Load the value, add one to it, and store it back. That's fine as far as it goes -- but remember, the computer is spending something like 85% of its time calling this function over and over. The first thing to do is figure out how long the loop is really taking. I used gettimeofday() to get time stamps before and after running the loop a few times, as shown in Listing 5:


Listing 5. A minimalist test harness


	int
	main(void) {
		struct timezone dontcare = { 0, 0 };
		struct timeval before, after;
		long long microsec;

		gettimeofday(&before, &dontcare);
		for (x = 0; x < 100000000; function())
			;
		gettimeofday(&after, &dontcare);
		microsec = (after.tv_usec - before.tv_usec) +
			1000000 * (after.tv_sec - before.tv_sec);
		printf("%lld microseconds/n", microsec);
		return 0;
	}

The output from a test run is 3197848 microseconds -- a tad over 3 million microseconds. Three seconds is a pretty long time in computing...



Back to top


Unrolling the loop

The first thing to do is just unroll the loop. This is, for a simple loop like this, quite easy, as you can see in Listing 6:


Listing 6. A first pass at unrolling the loop


	void
	function(void)
	{
		++x;
		++x;
		++x;
		++x;
	}

With this simple tweak, processing time is down to 1,332,169 microseconds, a substantial improvement. The function is now better than twice as fast as it was before. It could be unrolled further, but when you're performing the same operation on a 32-bit value four times in a row, that suggests that maybe it'd be more efficient to use AltiVec. (Of course, this first unrolling would improve performance even on a non-AltiVec CPU.)



Back to top


Converting to vector operations

Just as the main processor works by loading, modifying, and then storing values, AltiVec also works by loading, modifying, and then storing values. The difference is that the AltiVec unit works on 16-byte chunks of memory at a time; for instance, it can operate on four 32-bit values at once, instead of a single value at once. The load and store overhead will be a bit high, but getting the values into a vector register should produce a measurable speedup.

Consider Listing 7:


Listing 7. Naive vectorization of addition


typedef vector unsigned int v_u_int;
void
function(void)
{
         unsigned int xs[4] = { x + 1, x + 2, x + 3, x + 4 };
         register v_u_int v = vec_ld(0, xs);
         register v_u_int inc4 = (vector unsigned int) { 4, 4, 4, 4 };
         v = vec_add(v, inc4);
         vec_st(v, 0, xs);
         x = xs[3];
}

The code in Listing 7 initializes an array with the next four values after x, then loads the array into a vector register. Next, the value 4 is loaded into all four 32-bit values of a second register, and the registers are added. Finally, the incremented values are stored back into the array, and the last member of the array is read out. The time to run this version of the loop is only about a million microseconds -- not exactly the huge speedup AltiVec should offer when well-tuned, but it's nice to note that, even without a serious effort at further unrolling, performance has improved.



Back to top


Unrolling further and further

The next step is to unroll a little further. The simplest thing to do is to just repeat the line adding inc4 to v. This gets time down to about 430,000 microseconds. That's pretty good. At this point, however, the dependency of each operation on previous operations is starting to show.
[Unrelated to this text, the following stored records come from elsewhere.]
lemma H_relations:
  "congr_H (var GK * var GKb * var GK) (var GK)" "congr_H (var GKb * var GK * var GKb) (var GKb)"
  "congr_H (var GKb * var GK) (var GK * var GKb)" "congr_H (var GL * var GLb * var GL) (var GL)"
  "congr_H (var GLb * var GL * var GLb) (var GLb)" "congr_H (var GLb * var GL) (var GL * var GLb)"
  "congr_H (var GK * var GKb + var GL * var GLb) 1"
  by (auto intro: relation_congr_mod ideal_of.congr_mod_sym simp only: H_rels_eq image_insert insert_iff)

lemma H0_relations: "congr_H0 (var Gk * var Gkinv) 1" "congr_H0 (var Gkinv * var Gk) 1"
  by (auto intro: relation_congr_mod simp only: H0_rels_eq image_insert insert_iff)

lemma H_orthogonal:
  "congr_H (var GK * var GLb) 0" "congr_H (var GKb * var GL) 0"
  "congr_H (var GL * var GKb) 0" "congr_H (var GLb * var GK) 0"
proof -
  note rels = H_relations
  show "congr_H (var GK * var GLb) 0" "congr_H (var GKb * var GL) 0"
    using rels by (rule ideal_of.complementary_idempotents_orthogonal)+
  show "congr_H (var GL * var GKb) 0" "congr_H (var GLb * var GK) 0"
    using rels(4-6,1-3) rels(7)[unfolded add.commute[of "var GK * var GKb"]]
    by (rule ideal_of.complementary_idempotents_orthogonal)+
qed

definition phi_gens :: "complex \<Rightarrow> complex \<Rightarrow> gen0 \<Rightarrow> (gen, complex) ncpoly" where
  "phi_gens a b x = (case x of
      Gk \<Rightarrow> scalar a * var GK + scalar b * var GL
    | Gkinv \<Rightarrow> scalar (inverse a) * var GKb + scalar (inverse b) * var GLb)"

definition psi_gens :: "complex \<Rightarrow> gen \<Rightarrow> (gen0, complex) ncpoly" where
  "psi_gens a x = (case x of
      GK \<Rightarrow> scalar (inverse a) * var Gk
    | GKb \<Rightarrow> scalar a * var Gkinv
    | GL \<Rightarrow> 0
    | GLb \<Rightarrow> 0)"

(* Phi(k) Phi(k\<inverse>) = K Kbar + L Lbar + (cross terms) \<equiv> P + Q \<equiv> 1, and likewise for k\<inverse> k. *)
lemma phi_respects_relations:
  assumes "a \<noteq> 0" "b \<noteq> 0" and "r \<in> H0_rels"
  shows "subst (phi_gens a b) (ncp_of r) \<in> ideal_of H_rels"
proof -
  let ?\<phi> = "subst (phi_gens a b)"
  have "?\<phi> (var Gk * var Gkinv) = var GK * var GKb + var GL * var GLb
      + scalar (a * inverse b) * (var GK * var GLb) + scalar (b * inverse a) * (var GL * var GKb)"
    by (simp add: phi_gens_def algebra_simps assms(1,2))
  also have "congr_H \<dots> (var GK * var GKb + var GL * var GLb
      + scalar (a * inverse b) * 0 + scalar (b * inverse a) * 0)"
    by (intro ideal_of.congr_mod_add ideal_of.congr_mod_mult ideal_of.congr_mod_refl H_orthogonal)
  also have "congr_H \<dots> 1"
    using H_relations(7) by simp
  finally have k_kinv: "congr_H (?\<phi> (var Gk * var Gkinv)) 1" .
  have "?\<phi> (var Gkinv * var Gk) = var GKb * var GK + var GLb * var GL
      + scalar (inverse a * b) * (var GKb * var GL) + scalar (inverse b * a) * (var GLb * var GK)"
    by (simp add: phi_gens_def algebra_simps assms(1,2))
  also have "congr_H \<dots> (var GK * var GKb + var GL * var GLb
      + scalar (inverse a * b) * 0 + scalar (inverse b * a) * 0)"
    by (intro ideal_of.congr_mod_add ideal_of.congr_mod_mult ideal_of.congr_mod_refl
        H_orthogonal H_relations(3,6))
  also have "congr_H \<dots> 1"
    using H_relations(7) by simp
  finally have kinv_k: "congr_H (?\<phi> (var Gkinv * var Gk)) 1" .
  from \<open>r \<in> H0_rels\<close> k_kinv kinv_k show ?thesis
    by (auto simp: H0_rels_eq ideal_of.congr_mod_def)
qed
theorem lemma2p3:
  fixes n r :: nat and L0 S0 U \<Sigma> V W F :: "real mat" and lam :: real
  assumes "L0 \<in> carrier_mat n n" and "S0 \<in> carrier_mat n n"
    and "reduced_svd n r L0 U \<Sigma> V"
    and "lam > 0"
    and "map_op_norm n (\<lambda>X. P_Omega n (support n S0) (P_T n r U V X)) < 1"
    and "W \<in> carrier_mat n n" and "F \<in> carrier_mat n n"
    and "U * transpose_mat V + W = lam \<cdot>\<^sub>m (sgn_mat n S0 + F)"
    and "P_T n r U V W = 0\<^sub>m n n"
    and "spec_norm n W < 1"
    and "P_Omega n (support n S0) F = 0\<^sub>m n n"
    and "max_norm n F < 1"
  shows "unique_solution n lam (L0 + S0) L0 S0"
proof -
  define s where "s i = \<Sigma> $$ (i,i)" for i
  have U: "U \<in> carrier_mat n r" and V: "V \<in> carrier_mat n r"
    and UO: "transpose_mat U * U = 1\<^sub>m r" and VO: "transpose_mat V * V = 1\<^sub>m r"
    and s: "\<forall>k<r. s k \<ge> 0" and L0: "L0 = U * mat_diag r s * transpose_mat V"
    using assms(3) diagonal_mat_eq_mat_diag[of \<Sigma> r] unfolding reduced_svd_def s_def
    by (auto simp: less_imp_le)
  have W_T: "P_T_compl n U V W = W" by (rule P_T_compl_eq_self_if_P_T_zero[OF U V UO VO assms(6,9)])
  show ?thesis unfolding unique_solution_def
  proof (intro conjI assms(1,2) refl allI impI, elim conjE)
    fix L S assume L: "L \<in> carrier_mat n n" and S: "S \<in> carrier_mat n n"
      and LS: "L + S = L0 + S0" and ne: "(L, S) \<noteq> (L0, S0)"
    have LS_entries: "L $$ (i,j) + S $$ (i,j) = L0 $$ (i,j) + S0 $$ (i,j)" if "i < n" "j < n" for i j
      using arg_cong[OF LS, of "\<lambda>X. X $$ (i,j)"] that L S assms(1,2) by simp
    define H where "H = L - L0"
    have H: "H \<in> carrier_mat n n" and "L = L0 + H" and "S = S0 - H"
      using L S assms(1,2) LS_entries unfolding H_def by (auto intro!: eq_matI simp: algebra_simps)
    moreover have "H \<noteq> 0\<^sub>m n n" using ne calculation assms(1,2) by auto
    ultimately show "nuclear_norm n L0 + lam * l1_norm n S0 < nuclear_norm n L + lam * l1_norm n S"
      using objective_strict_increase[OF U V UO VO s L0 assms(2) H _ assms(6,7,4,8) W_T assms(11,10,12,5)]
      by simp
  qed
qed

end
To get past this limit, the code needs to think ahead, and perform more operations at once. That means having more than one set of source and destination registers active at a time, and adding more than four at a time to each value, as Listing 8 shows:


Listing 8. Unrolling further


         unsigned int xs[4] = { x + 1, x + 2, x + 3, x + 4 };
         register v_u_int v1 = vec_ld(0, xs);
         register v_u_int v2, v3, v4, v5, v6, v7, v8;
         register v_u_int inc4 = (vector unsigned int) { 4, 4, 4, 4 };
         register v_u_int inc8 = (vector unsigned int) { 8, 8, 8, 8 };
         register v_u_int inc16 = (vector unsigned int) { 16, 16, 16, 16  
};
         v2 = vec_add(v1, inc4);
         v3 = vec_add(v1, inc8);
         v4 = vec_add(v2, inc8);
         v5 = vec_add(v1, inc16);
         v6 = vec_add(v2, inc16);
         v7 = vec_add(v3, inc16);
         v8 = vec_add(v4, inc16);
         vec_st(v8, 0, xs);
         x = xs[3];

The intent here is to reduce the number of times that the processor needs to stall waiting for the results of a previous operation. So, for instance, before adding anything to v2, the code adds something to v1, storing it in a different register. At the end of these operations, it stores the highest value it has back into x. This brings the time for the main loop down to just over 310,000 microseconds. At this point, the vectorized version is faster than the original, unoptimized, version by a factor of ten.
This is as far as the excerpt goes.